* _WHAT IS REQUIRED_: Where a line in the listing below contains the word "unfolding", copy that line.

Start of RECORDED INFORMATION

(* Let $n\ge 2$, $p\ge 1$, and let ${\bf x}=(x_1,\dots,x_n)\in\mathbb{R}^n$. Let $m$ be the median location, i.e. $m=x_{[k]}$ where $k=\lceil n/2\rceil$ (so $n=2k-1$ or $n=2k$) and $x_{[k]}$ denotes the $k$-th largest component of ${\bf x}$. Then $$\Big(\sum_{i=1}^n|m-x_i|^p\Big)^{1/p}\;\le\;2^{1-\frac1p}\,\min_{y\in\mathbb{R}}\Big(\sum_{i=1}^n|y-x_i|^p\Big)^{1/p}.$$
   Context: The social cost of locating a facility at $y\in\mathbb{R}$ for a location profile ${\bf x}=(x_1,\dots,x_n)$ is $sc({\bf x},y)=\big(\sum_{i=1}^n|x_i-y|^p\big)^{1/p}$. The median mechanism maps ${\bf x}$ to $m$ as defined in the claim. *)

theory Defs
  imports "HOL-Analysis.Analysis"
begin

definition social_cost :: "nat \<Rightarrow> real \<Rightarrow> (nat \<Rightarrow> real) \<Rightarrow> real \<Rightarrow> real" where
  "social_cost n p x y = (\<Sum>i<n. \<bar>x i - y\<bar> powr p) powr (1 / p)"

definition kth_largest :: "nat \<Rightarrow> (nat \<Rightarrow> real) \<Rightarrow> nat \<Rightarrow> real" where
  "kth_largest n x k = rev (sort (map x [0..<n])) ! (k - 1)"

definition median_loc :: "nat \<Rightarrow> (nat \<Rightarrow> real) \<Rightarrow> real" where
  "median_loc n x = kth_largest n x (nat \<lceil>real n / 2\<rceil>)"

end

theory Submission
  imports Defs
begin

text \<open>For a point \<open>x\<^sub>i\<close> on the same side of the median \<open>m\<close> as \<open>y\<close>, the triangle inequality and
  convexity of \<open>t\<^sup>p\<close> give \<open>|x\<^sub>i - m|\<^sup>p \<le> 2\<^sup>p\<^sup>-\<^sup>1 (|x\<^sub>i - y|\<^sup>p + |y - m|\<^sup>p)\<close>. For a point on the
  other side, \<open>|x\<^sub>i - y| = |x\<^sub>i - m| + |y - m|\<close> and superadditivity of \<open>t\<^sup>p\<close> give
  \<open>|x\<^sub>i - m|\<^sup>p \<le> 2\<^sup>p\<^sup>-\<^sup>1 (|x\<^sub>i - y|\<^sup>p - |y - m|\<^sup>p)\<close>. By the choice of \<open>m\<close>, at most half of the
  points lie strictly on the side of \<open>y\<close>, so the error terms \<open>\<plusminus>2\<^sup>p\<^sup>-\<^sup>1 |y - m|\<^sup>p\<close> sum to at
  most zero and \<open>\<Sum>|x\<^sub>i - m|\<^sup>p \<le> 2\<^sup>p\<^sup>-\<^sup>1 \<Sum>|x\<^sub>i - y|\<^sup>p\<close>; taking \<open>p\<close>-th roots gives the factor
  \<open>2\<^sup>1\<^sup>-\<^sup>1\<^sup>/\<^sup>p\<close>.\<close>

lemma powr_add_le_two_powr:
  fixes a b p :: real
  assumes "a \<ge> 0" "b \<ge> 0" "p \<ge> 1"
  shows "(a + b) powr p \<le> 2 powr (p - 1) * (a powr p + b powr p)"
proof (cases "a > 0 \<and> b > 0")
  case True
  have midpoint: "((a + b) / 2) powr p \<le> (a powr p + b powr p) / 2"
    using convex_onD[OF powr_convex[OF assms(3)], of "1/2" a b] True
    by (simp add: field_simps)
  have "(a + b) powr p = (2 * ((a + b) / 2)) powr p"
    by (rule arg_cong[where f = "\<lambda>t. t powr p"]) simp
  also have "\<dots> = 2 powr p * ((a + b) / 2) powr p"
    by (rule powr_mult)
  also have "\<dots> \<le> 2 powr p * ((a powr p + b powr p) / 2)"
    using midpoint by (intro mult_left_mono) auto
  finally show ?thesis by (simp add: powr_diff)
next
  case False
  then have "a = 0 \<or> b = 0" using assms by auto
  moreover have "1 \<le> (2::real) powr (p - 1)"
    using assms by (intro ge_one_powr_ge_zero) auto
  ultimately show ?thesis
    using assms by (auto simp: mult_le_cancel_right1)
qed

lemma powr_add_powr_le_powr_add:
  fixes a b p :: real
  assumes "a \<ge> 0" "b \<ge> 0" "p \<ge> 1"
  shows "a powr p + b powr p \<le> (a + b) powr p"
proof -
  have le: "t powr p \<le> t * (a + b) powr (p - 1)" if "0 \<le> t" "t \<le> a + b" for t
  proof (cases "t = 0")
    case False
    then have "t powr p = t * t powr (p - 1)" using that by (simp add: powr_diff)
    also have "\<dots> \<le> t * (a + b) powr (p - 1)"
      using that assms by (intro mult_left_mono powr_mono2) auto
    finally show ?thesis .
  qed (use assms in simp)
  show ?thesis
  proof (cases "a + b = 0")
    case False
    then have "(a + b) powr p = (a + b) * (a + b) powr (p - 1)"
      using assms by (simp add: powr_diff)
    then show ?thesis using le[of a] le[of b] assms by (simp add: distrib_right)
  qed (use assms in \<open>simp add: add_nonneg_eq_0_iff\<close>)
qed

lemma powr_abs_diff_opposite_side:
  fixes a m y p :: real
  assumes "(a - m) * (y - m) \<le> 0" "p \<ge> 1"
  shows "\<bar>a - m\<bar> powr p + 2 powr (p - 1) * \<bar>y - m\<bar> powr p \<le> 2 powr (p - 1) * \<bar>a - y\<bar> powr p"
proof -
  define c :: real where "c = 2 powr (p - 1)"
  have c: "1 \<le> c" unfolding c_def using assms by (intro ge_one_powr_ge_zero) auto
  have "\<bar>a - y\<bar> = \<bar>a - m\<bar> + \<bar>y - m\<bar>"
    using assms(1) by (cases "a \<le> m"; cases "y \<le> m") (auto simp: mult_le_0_iff)
  then have "\<bar>a - m\<bar> powr p + \<bar>y - m\<bar> powr p \<le> \<bar>a - y\<bar> powr p"
    using assms by (simp add: powr_add_powr_le_powr_add)
  then have "c * \<bar>a - m\<bar> powr p + c * \<bar>y - m\<bar> powr p \<le> c * \<bar>a - y\<bar> powr p"
    using c by (simp flip: distrib_left)
  moreover have "\<bar>a - m\<bar> powr p \<le> c * \<bar>a - m\<bar> powr p"
    using c by (simp add: mult_le_cancel_right1)
  ultimately show ?thesis unfolding c_def by linarith
qed

lemma sum_powr_abs_diff_le_if_balanced:
  fixes x :: "'a \<Rightarrow> real" and m y p :: real
  assumes "finite A" "p \<ge> 1"
    and balanced: "2 * card {i \<in> A. 0 < (x i - m) * (y - m)} \<le> card A"
  shows "(\<Sum>i\<in>A. \<bar>x i - m\<bar> powr p) \<le> 2 powr (p - 1) * (\<Sum>i\<in>A. \<bar>x i - y\<bar> powr p)"
proof -
  define c :: real where "c = 2 powr (p - 1)"
  define D where "D = c * \<bar>y - m\<bar> powr p"
  define B where "B = {i \<in> A. 0 < (x i - m) * (y - m)}"
  have B: "B \<subseteq> A" "finite B" using assms(1) by (auto simp: B_def)
  have "(\<Sum>i\<in>B. \<bar>x i - m\<bar> powr p) \<le> (\<Sum>i\<in>B. c * \<bar>x i - y\<bar> powr p + D)"
  proof (rule sum_mono)
    fix i
    have "\<bar>x i - m\<bar> powr p \<le> (\<bar>x i - y\<bar> + \<bar>y - m\<bar>) powr p"
      using assms(2) by (intro powr_mono2) auto
    also have "\<dots> \<le> c * (\<bar>x i - y\<bar> powr p + \<bar>y - m\<bar> powr p)"
      unfolding c_def using assms(2) by (intro powr_add_le_two_powr) auto
    finally show "\<bar>x i - m\<bar> powr p \<le> c * \<bar>x i - y\<bar> powr p + D"
      by (simp add: D_def distrib_left)
  qed
  moreover have "(\<Sum>i\<in>A - B. \<bar>x i - m\<bar> powr p) \<le> (\<Sum>i\<in>A - B. c * \<bar>x i - y\<bar> powr p - D)"
    using powr_abs_diff_opposite_side[OF _ assms(2)]
    by (intro sum_mono) (fastforce simp: B_def D_def c_def not_less)
  moreover have "real (card B) * D \<le> real (card (A - B)) * D"
    using balanced B D_def c_def by (intro mult_right_mono) (auto simp: card_Diff_subset B_def)
  ultimately have "(\<Sum>i\<in>A - B. \<bar>x i - m\<bar> powr p) + (\<Sum>i\<in>B. \<bar>x i - m\<bar> powr p)
      \<le> (\<Sum>i\<in>A - B. c * \<bar>x i - y\<bar> powr p) + (\<Sum>i\<in>B. c * \<bar>x i - y\<bar> powr p)"
    by (simp add: sum.distrib sum_subtractf)
  then show ?thesis
    using B assms(1) by (simp add: sum.subset_diff[of B A] sum_distrib_left distrib_left c_def)
qed

lemma sorted_length_filter_less_nth:
  fixes xs :: "'a::linorder list"
  assumes "sorted xs" "j < length xs"
  shows "length (filter (\<lambda>v. v < xs ! j) xs) \<le> j"
proof -
  have "{i. i < length xs \<and> xs ! i < xs ! j} \<subseteq> {..<j}"
  proof safe
    fix i assume "i < length xs" "xs ! i < xs ! j"
    then show "i < j" using sorted_nth_mono[OF assms(1), of j i] by (meson leD leI)
  qed
  then have "card {i. i < length xs \<and> xs ! i < xs ! j} \<le> j"
    using card_mono[of "{..<j}"] by simp
  then show ?thesis by (simp add: length_filter_conv_card)
qed

lemma sorted_length_filter_greater_nth:
  fixes xs :: "'a::linorder list"
  assumes "sorted xs" "j < length xs"
  shows "length (filter (\<lambda>v. xs ! j < v) xs) \<le> length xs - Suc j"
proof -
  have "{i. i < length xs \<and> xs ! j < xs ! i} \<subseteq> {j<..<length xs}"
  proof safe
    fix i assume "i < length xs" "xs ! j < xs ! i"
    then have "j < i" using sorted_nth_mono[OF assms(1), of i j] assms(2) by (meson leD leI)
    then show "i \<in> {j<..<length xs}" using \<open>i < length xs\<close> by simp
  qed
  then have "card {i. i < length xs \<and> xs ! j < xs ! i} \<le> length xs - Suc j"
    using card_mono[of "{j<..<length xs}"] by simp
  then show ?thesis by (simp add: length_filter_conv_card)
qed

lemma card_filter_eq_length_filter_sort:
  "card {i \<in> {..<n}. P (x i)} = length (filter P (sort (map x [0..<n])))"
proof -
  have "card {i \<in> {..<n}. P (x i)} = length (filter P (map x [0..<n]))"
    by (simp add: length_filter_conv_card cong: conj_cong)
  also have "\<dots> = length (filter P (sort (map x [0..<n])))"
    by (metis mset_filter mset_sort size_mset)
  finally show ?thesis .
qed

lemma kth_largest_eq_sort_nth:
  assumes "1 \<le> k" "k \<le> n"
  shows "kth_largest n x k = sort (map x [0..<n]) ! (n - k)"
  using assms by (simp add: kth_largest_def rev_nth)

lemma card_less_kth_largest:
  assumes "1 \<le> k" "k \<le> n"
  shows "card {i \<in> {..<n}. x i < kth_largest n x k} \<le> n - k"
proof -
  have "card {i \<in> {..<n}. x i < kth_largest n x k}
      = length (filter (\<lambda>v. v < kth_largest n x k) (sort (map x [0..<n])))"
    by (rule card_filter_eq_length_filter_sort)
  also have "\<dots> \<le> n - k"
    using sorted_length_filter_less_nth[of "sort (map x [0..<n])" "n - k"] assms
    by (simp add: kth_largest_eq_sort_nth)
  finally show ?thesis .
qed

lemma card_greater_kth_largest:
  assumes "1 \<le> k" "k \<le> n"
  shows "card {i \<in> {..<n}. kth_largest n x k < x i} \<le> k - 1"
proof -
  have "card {i \<in> {..<n}. kth_largest n x k < x i}
      = length (filter (\<lambda>v. kth_largest n x k < v) (sort (map x [0..<n])))"
    by (rule card_filter_eq_length_filter_sort)
  also have "\<dots> \<le> k - 1"
    using sorted_length_filter_greater_nth[of "sort (map x [0..<n])" "n - k"] assms
    by (simp add: kth_largest_eq_sort_nth)
  finally show ?thesis .
qed

lemma nat_ceiling_half: "nat \<lceil>real n / 2\<rceil> = (n + 1) div 2"
proof (cases "even n")
  case True
  then obtain k where "n = 2 * k" by blast
  then show ?thesis by simp
next
  case False
  then obtain k where n: "n = 2 * k + 1" by (blast elim: oddE)
  have "\<lceil>real n / 2\<rceil> = int k + 1"
    unfolding n by (intro ceiling_unique) auto
  then show ?thesis using n by simp
qed

lemma median_loc_balanced:
  assumes "n \<ge> 1"
  shows "2 * card {i \<in> {..<n}. x i < median_loc n x} \<le> n"
    and "2 * card {i \<in> {..<n}. median_loc n x < x i} \<le> n"
proof -
  define k where "k = (n + 1) div 2"
  have median: "median_loc n x = kth_largest n x k"
    by (simp add: median_loc_def nat_ceiling_half k_def)
  have k: "1 \<le> k" "k \<le> n" using assms by (auto simp: k_def)
  show "2 * card {i \<in> {..<n}. x i < median_loc n x} \<le> n"
    using card_less_kth_largest[OF k, of x] by (simp add: median k_def)
  show "2 * card {i \<in> {..<n}. median_loc n x < x i} \<le> n"
    using card_greater_kth_largest[OF k, of x] by (simp add: median k_def)
qed

lemma social_cost_median_loc_le:
  assumes "n \<ge> 1" "p \<ge> 1"
  shows "social_cost n p x (median_loc n x) \<le> 2 powr (1 - 1 / p) * social_cost n p x y"
proof -
  define m where "m = median_loc n x"
  have "2 * card {i \<in> {..<n}. 0 < (x i - m) * (y - m)} \<le> n"
  proof (cases y m rule: linorder_cases)
    case less
    then have "{i \<in> {..<n}. 0 < (x i - m) * (y - m)} = {i \<in> {..<n}. x i < m}"
      by (auto simp: zero_less_mult_iff)
    then show ?thesis using median_loc_balanced(1)[OF assms(1)] by (simp add: m_def)
  next
    case greater
    then have "{i \<in> {..<n}. 0 < (x i - m) * (y - m)} = {i \<in> {..<n}. m < x i}"
      by (auto simp: zero_less_mult_iff)
    then show ?thesis using median_loc_balanced(2)[OF assms(1)] by (simp add: m_def)
  qed simp
  then have "(\<Sum>i<n. \<bar>x i - m\<bar> powr p) \<le> 2 powr (p - 1) * (\<Sum>i<n. \<bar>x i - y\<bar> powr p)"
    using assms(2) by (intro sum_powr_abs_diff_le_if_balanced) auto
  then have "social_cost n p x m \<le> (2 powr (p - 1) * (\<Sum>i<n. \<bar>x i - y\<bar> powr p)) powr (1 / p)"
    unfolding social_cost_def using assms(2) by (intro powr_mono2) (auto intro: sum_nonneg)
  also have "\<dots> = (2 powr (p - 1)) powr (1 / p) * social_cost n p x y"
    unfolding social_cost_def by (rule powr_mult)
  also have "(2 powr (p - 1)) powr (1 / p) = (2::real) powr (1 - 1 / p)"
    using assms(2) by (simp add: powr_powr field_simps)
  finally show ?thesis by (simp add: m_def)
qed

theorem mainTheorem3:
  fixes n :: nat and p :: real and x :: "nat \<Rightarrow> real"
  assumes "n \<ge> 2" and "p \<ge> 1"
  shows "social_cost n p x (median_loc n x)
           \<le> 2 powr (1 - 1 / p) * (INF y. social_cost n p x y)"
proof -
  define c :: real where "c = 2 powr (1 - 1 / p)"
  have "c > 0" by (simp add: c_def)
  have "social_cost n p x (median_loc n x) / c \<le> (INF y. social_cost n p x y)"
    using social_cost_median_loc_le[of n p x] assms \<open>c > 0\<close>
    by (intro cINF_greatest) (auto simp: c_def field_simps)
  then show ?thesis
    using \<open>c > 0\<close> by (simp add: c_def field_simps)
qed

end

End of RECORDED INFORMATION

* _RESULT FOR THIS TASK_:
  have c: "1 \<le> c" unfolding c_def using assms by (intro ge_one_powr_ge_zero) auto
  ultimately show ?thesis unfolding c_def by linarith
      unfolding c_def using assms(2) by (intro powr_add_le_two_powr) auto
    unfolding n by (intro ceiling_unique) auto
    unfolding social_cost_def using assms(2) by (intro powr_mono2) (auto intro: sum_nonneg)
    unfolding social_cost_def by (rule powr_mult)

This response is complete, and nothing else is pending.